O processo especial para acordo de pagamento (PEAP) destina-se permitir ao devedor, que não seja uma empresa e comprovadamente se encontre em situação económica difícil ou em situação de insolvência meramente iminente, estabelecer negociações com os respectivos credores de modo a concluir com estes acordo de pagamento – art. 222º-A do CIRE (como todos os preceitos legais adiante citados). Concluídas as negociações com aprovação (não unânime) do acordo de pagamento, o juiz decide se deve homologar o acordo de pagamento ou recusar a sua homologação, aplicando, com as necessárias adaptações, as regras vigentes em matéria de aprovação e homologação do acordo de insolvência previstas no título IX, em especial o disposto no artigos 215º e 216º - art. 222º-F, nºs 2 e 5.
Nos termos do art. 215º o juiz recusa oficiosamente a homologação no caso de violação não negligenciável de regras procedimentais ou das normas aplicáveis ao seu conteúdo. A violação do princípio da igualdade, imputada, no caso, ao acordo de pagamento aprovado, constitui justamente um dos casos de violação não negligenciável das normas aplicáveis ao conteúdo do plano.

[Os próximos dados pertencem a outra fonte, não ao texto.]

(* Let $H$ be a real Hilbert space, $C\subset H$ a nonempty closed convex set, and $A,F:H\to H$ operators. (a) Assume that the couple $(A,F)$ is $\gamma$-strongly monotone for some $\gamma>0$, and that $x^*$ is a solution of $\mathrm{GVI}(A,F,C)$. Then for all $f\in C$ and all $y\in H$, $$\langle Fy-f,\,Ay-Ax^*\rangle+\langle f-Fx^*,\,Ay\rangle\ \ge\ \gamma\|y-x^*\|^2 .$$ (b) Assume that the couple $(A,F)$ is monotone. Then $x^*\in H$ is a solution of $\mathrm{GVI}(A,F,C)$ if and only if $Fx^*\in C$ and $$\langle Ay-Ax^*,\,Fy-f\rangle+\langle Ay,\,f-Fx^*\rangle\ \ge\ 0\qquad\text{for all } y\in H,\ f\in C.$$
   Context: The general variational inequality $\mathrm{GVI}(A,F,C)$ is the problem: find $x^*\in H$ such that $Fx^*\in C$ and $\langle Ax^*,y-Fx^*\rangle\ge 0$ for all $y\in C$. A couple $(A,F)$ of operators $H\to H$ is called $\gamma$-strongly monotone ($\gamma>0$) if $\langle Ax-Ay,Fx-Fy\rangle\ge\gamma\|x-y\|^2$ for all $x,y\in H$, and monotone if $\langle Ax-Ay,Fx-Fy\rangle\ge 0$ for all $x,y\in H$. *)

theory Defs
  imports "HOL-Analysis.Analysis"
begin

definition GVI :: "('a::real_inner \<Rightarrow> 'a) \<Rightarrow> ('a \<Rightarrow> 'a) \<Rightarrow> 'a set \<Rightarrow> 'a \<Rightarrow> bool" where
  "GVI A F C x \<longleftrightarrow> F x \<in> C \<and> (\<forall>y\<in>C. inner (A x) (y - F x) \<ge> 0)"

definition strongly_monotone_couple :: "('a::real_inner \<Rightarrow> 'a) \<Rightarrow> ('a \<Rightarrow> 'a) \<Rightarrow> real \<Rightarrow> bool" where
  "strongly_monotone_couple A F \<gamma> \<longleftrightarrow>
     (\<forall>x y. inner (A x - A y) (F x - F y) \<ge> \<gamma> * (norm (x - y))\<^sup>2)"

definition monotone_couple :: "('a::real_inner \<Rightarrow> 'a) \<Rightarrow> ('a \<Rightarrow> 'a) \<Rightarrow> bool" where
  "monotone_couple A F \<longleftrightarrow> (\<forall>x y. inner (A x - A y) (F x - F y) \<ge> 0)"

end

theory Submission
  imports Defs
begin

text \<open>The left-hand side of both inequalities rearranges to
  \<open>\<langle>Ay - Ax*, Fy - Fx*\<rangle> + \<langle>Ax*, f - Fx*\<rangle>\<close>: the first term is controlled by
  (strong) monotonicity of the couple, the second is nonnegative because \<open>x*\<close> solves the
  variational inequality. Conversely, choosing \<open>y = x*\<close> collapses the inequality of (b) to
  the variational inequality itself, so that direction needs no monotonicity.\<close>

lemma inner_gap_rearrange:
  fixes ay ax fy fx f :: "'a::real_inner"
  shows "inner (fy - f) (ay - ax) + inner (f - fx) ay = inner (ay - ax) (fy - fx) + inner ax (f - fx)"
  by (simp add: inner_diff_left inner_diff_right inner_commute[of fy] inner_commute[of fx]
      inner_commute[of f] algebra_simps)

lemma monotone_couple_iff_strongly_monotone_0:
  "monotone_couple A F \<longleftrightarrow> strongly_monotone_couple A F 0"
  by (simp add: monotone_couple_def strongly_monotone_couple_def)

lemma GVI_strongly_monotone_gap_ge:
  assumes "strongly_monotone_couple A F \<gamma>" and "GVI A F C x" and "f \<in> C"
  shows "inner (F y - f) (A y - A x) + inner (f - F x) (A y) \<ge> \<gamma> * (norm (y - x))\<^sup>2"
proof -
  have "inner (A y - A x) (F y - F x) \<ge> \<gamma> * (norm (y - x))\<^sup>2"
    using assms(1) by (simp add: strongly_monotone_couple_def)
  moreover have "inner (A x) (f - F x) \<ge> 0"
    using assms(2,3) by (simp add: GVI_def)
  ultimately show ?thesis
    by (simp add: inner_gap_rearrange)
qed

lemma GVI_monotone_gap_nonneg:
  assumes "monotone_couple A F" and "GVI A F C x" and "f \<in> C"
  shows "inner (A y - A x) (F y - f) + inner (A y) (f - F x) \<ge> 0"
  using GVI_strongly_monotone_gap_ge[of A F 0 C x f y] assms
  by (simp add: monotone_couple_iff_strongly_monotone_0 inner_commute)

lemma GVI_if_gap_nonneg:
  assumes "F x \<in> C"
    and "\<And>y f. f \<in> C \<Longrightarrow> inner (A y - A x) (F y - f) + inner (A y) (f - F x) \<ge> 0"
  shows "GVI A F C x"
  using assms(1) assms(2)[of _ x] by (simp add: GVI_def)

theorem lemma1p1:
  fixes A F :: "'a::{real_inner, complete_space} \<Rightarrow> 'a" and C :: "'a set"
  assumes "C \<noteq> {}" and "closed C" and "convex C"
  shows "(\<forall>\<gamma> x. \<gamma> > 0 \<longrightarrow> strongly_monotone_couple A F \<gamma> \<longrightarrow> GVI A F C x \<longrightarrow>
           (\<forall>f\<in>C. \<forall>y. inner (F y - f) (A y - A x) + inner (f - F x) (A y)
                        \<ge> \<gamma> * (norm (y - x))\<^sup>2))
         \<and> (monotone_couple A F \<longrightarrow> (\<forall>x. GVI A F C x \<longleftrightarrow>
           (F x \<in> C \<and> (\<forall>y. \<forall>f\<in>C. inner (A y - A x) (F y - f) + inner (A y) (f - F x) \<ge> 0))))"
proof (intro conjI impI allI ballI)
  fix \<gamma> x f y
  assume "strongly_monotone_couple A F \<gamma>" "GVI A F C x" "f \<in> C"
  then show "inner (F y - f) (A y - A x) + inner (f - F x) (A y) \<ge> \<gamma> * (norm (y - x))\<^sup>2"
    by (rule GVI_strongly_monotone_gap_ge)
next
  fix x
  assume "monotone_couple A F"
  then show "GVI A F C x \<longleftrightarrow>
      F x \<in> C \<and> (\<forall>y. \<forall>f\<in>C. inner (A y - A x) (F y - f) + inner (A y) (f - F x) \<ge> 0)"
    using GVI_monotone_gap_nonneg GVI_if_gap_nonneg GVI_def by metis
qed

end
(* For a positive integer $N$ and integers $m,\ell$ with $m\equiv \ell\pmod 2$, define \[ S_{m,\ell}^{N}(q):=\frac{q^{-\frac{1}{8}+\frac{(\ell+1)^2}{4(N+2)}-\frac{m^2}{4N}}}{J_{1}^3}\, f_{1,1+N,1}\big(q^{1+\frac{1}{2}(m+\ell)},q^{1-\frac{1}{2}(m-\ell)},q\big). \] Then $S_{m,\ell}^{N}(q)=S_{-m,\ell}^{N}(q)$, $S_{m,\ell}^{N}(q)=S_{2N-m,\ell}^{N}(q)$, and $S_{m,\ell}^{N}(q)=S_{N-m,N-\ell}^{N}(q)$.
   Context: Let $q=e^{2\pi i\tau}$ with $\operatorname{Im}\tau>0$, and for real $\alpha$ put $q^{\alpha}:=e^{2\pi i\alpha\tau}$. $J_1:=\prod_{i\ge1}(1-q^i)$. For positive integers $a,b,c$ and $x,y\in\mathbb{C}^*$, the Hecke-type double-sum is $f_{a,b,c}(x,y,q):=\Big(\sum_{r,s\ge0}-\sum_{r,s<0}\Big)(-1)^{r+s}x^ry^sq^{a\binom{r}{2}+brs+c\binom{s}{2}}$. *)

theory Defs
  imports "HOL-Analysis.Analysis"
begin

definition qpow :: "complex \<Rightarrow> real \<Rightarrow> complex" where
  "qpow \<tau> \<alpha> = exp (2 * of_real pi * \<i> * of_real \<alpha> * \<tau>)"

definition J1 :: "complex \<Rightarrow> complex" where
  "J1 \<tau> = (\<Prod>i. 1 - (qpow \<tau> 1) ^ Suc i)"

definition hecke_term :: "int \<Rightarrow> int \<Rightarrow> int \<Rightarrow> complex \<Rightarrow> complex \<Rightarrow> complex \<Rightarrow> int \<times> int \<Rightarrow> complex" where
  "hecke_term a b c x y q = (\<lambda>(r, s). (-1) powi (r + s) * x powi r * y powi s *
      q powi (a * (r * (r - 1) div 2) + b * r * s + c * (s * (s - 1) div 2)))"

O princípio da igualdade de tratamento dos credores encontra-se previsto no art. 194º, nestes termos: 1. O plano de insolvência obedece ao princípio da igualdade dos credores da insolvência, sem prejuízo das diferenciações justificadas por razões objectivas. 2. O tratamento mais desfavorável relativamente a outros credores em idêntica situação depende do consentimento do credor afectado (…).
Em comentário a estas normas, referem Carvalho Fernandes e João Labareda (Código da Insolvência e da Recuperação de Empresas Anotado, 2ª ed., 753): "A letra do nº 1 procurou acolher de uma forma evidente as duas facetas em que se desdobra o princípio da igualdade, traduzidas na necessidade de tratar igualmente o que é semelhante e de distinguir o que é distinto, sem prejuízo do acordo dos credores atingidos, em contrário. A razão objectiva porventura mais clara que fundamenta a diferença de tratamento dos credores assenta na distinta classificação dos créditos, nos termos em que agora está assumida no art. 47 do Código (…). Para além disso, dentro da mesma categoria há motivos para destrinçar, conforme o grau hierárquico que couber aos vários créditos. Mas, a ponderação das circunstâncias de cada situação pode justificar outros alinhamentos, nomeadamente tendo em conta as fontes do crédito. O que está vedado é, na falta de acordo dos lesados, sujeitar a regimes diferentes credores em circunstâncias idênticas".
No mesmo sentido, a jurisprudência do Tribunal Constitucional tem, em geral, afirmado reiteradamente que o princípio da igualdade obriga a que se trate como igual o que for necessariamente igual e como diferente o que for essencialmente diferente; não impede a diferenciação de tratamento, mas apenas a discriminação arbitrária, a irrazoabilidade, ou seja, distinções de tratamento que não tenham justificação e fundamento material bastante (cfr., entre outros, os Acórdãos nºs 245/00, 187/01, 275/02, 195/03, 522/06 e 134/07).
No caso dos autos, considerando o teor do acordo de pagamento aprovado, verifica-se, como foi sublinhado no acórdão recorrido, que existe uma diferença de tratamento em desfavor dos créditos comuns, nos quais se inclui o crédito do recorrido. Essa diferença traduz-se, em relação aos créditos comuns, apesar de se prever o pagamento da totalidade do capital, em a 1ª prestação ser paga um ano depois do trânsito em julgado da sentença homologatória do acordo, estabelecendo-se ainda o perdão total dos juros. O tratamento diferenciado entre créditos foi explicado e justificado no acordo nos termos acima reproduzidos, fundando-se na distinta classificação dos créditos, nos termos do art. 47º e no rendimento que os devedores podem dispor, por forma a permitir o pagamento a todos os credores.
Constituem estas razões uma justificação objectiva e razoável da referida diferença de tratamento entre credores comuns e, em especial, o crédito garantido do Banco BIC? Ao invés do que se entendeu no acórdão recorrido, parece-nos bem que sim.
Com efeito, importa salientar que os créditos comuns, no que respeita ao capital, serão pagos integralmente. Esse pagamento é diferido, em 180 prestações, mas é este igualmente o número de prestações previsto para o pagamento do referido crédito garantido. Como se referiu, a diferença de tratamento tem a ver unicamente com o diferimento do início do pagamento das prestações – apesar de se estabelecer para o Banco BIC também um período de carência de capital de seis meses – e, sobretudo, com o perdão total de juros, esta a afectar apenas os créditos comuns.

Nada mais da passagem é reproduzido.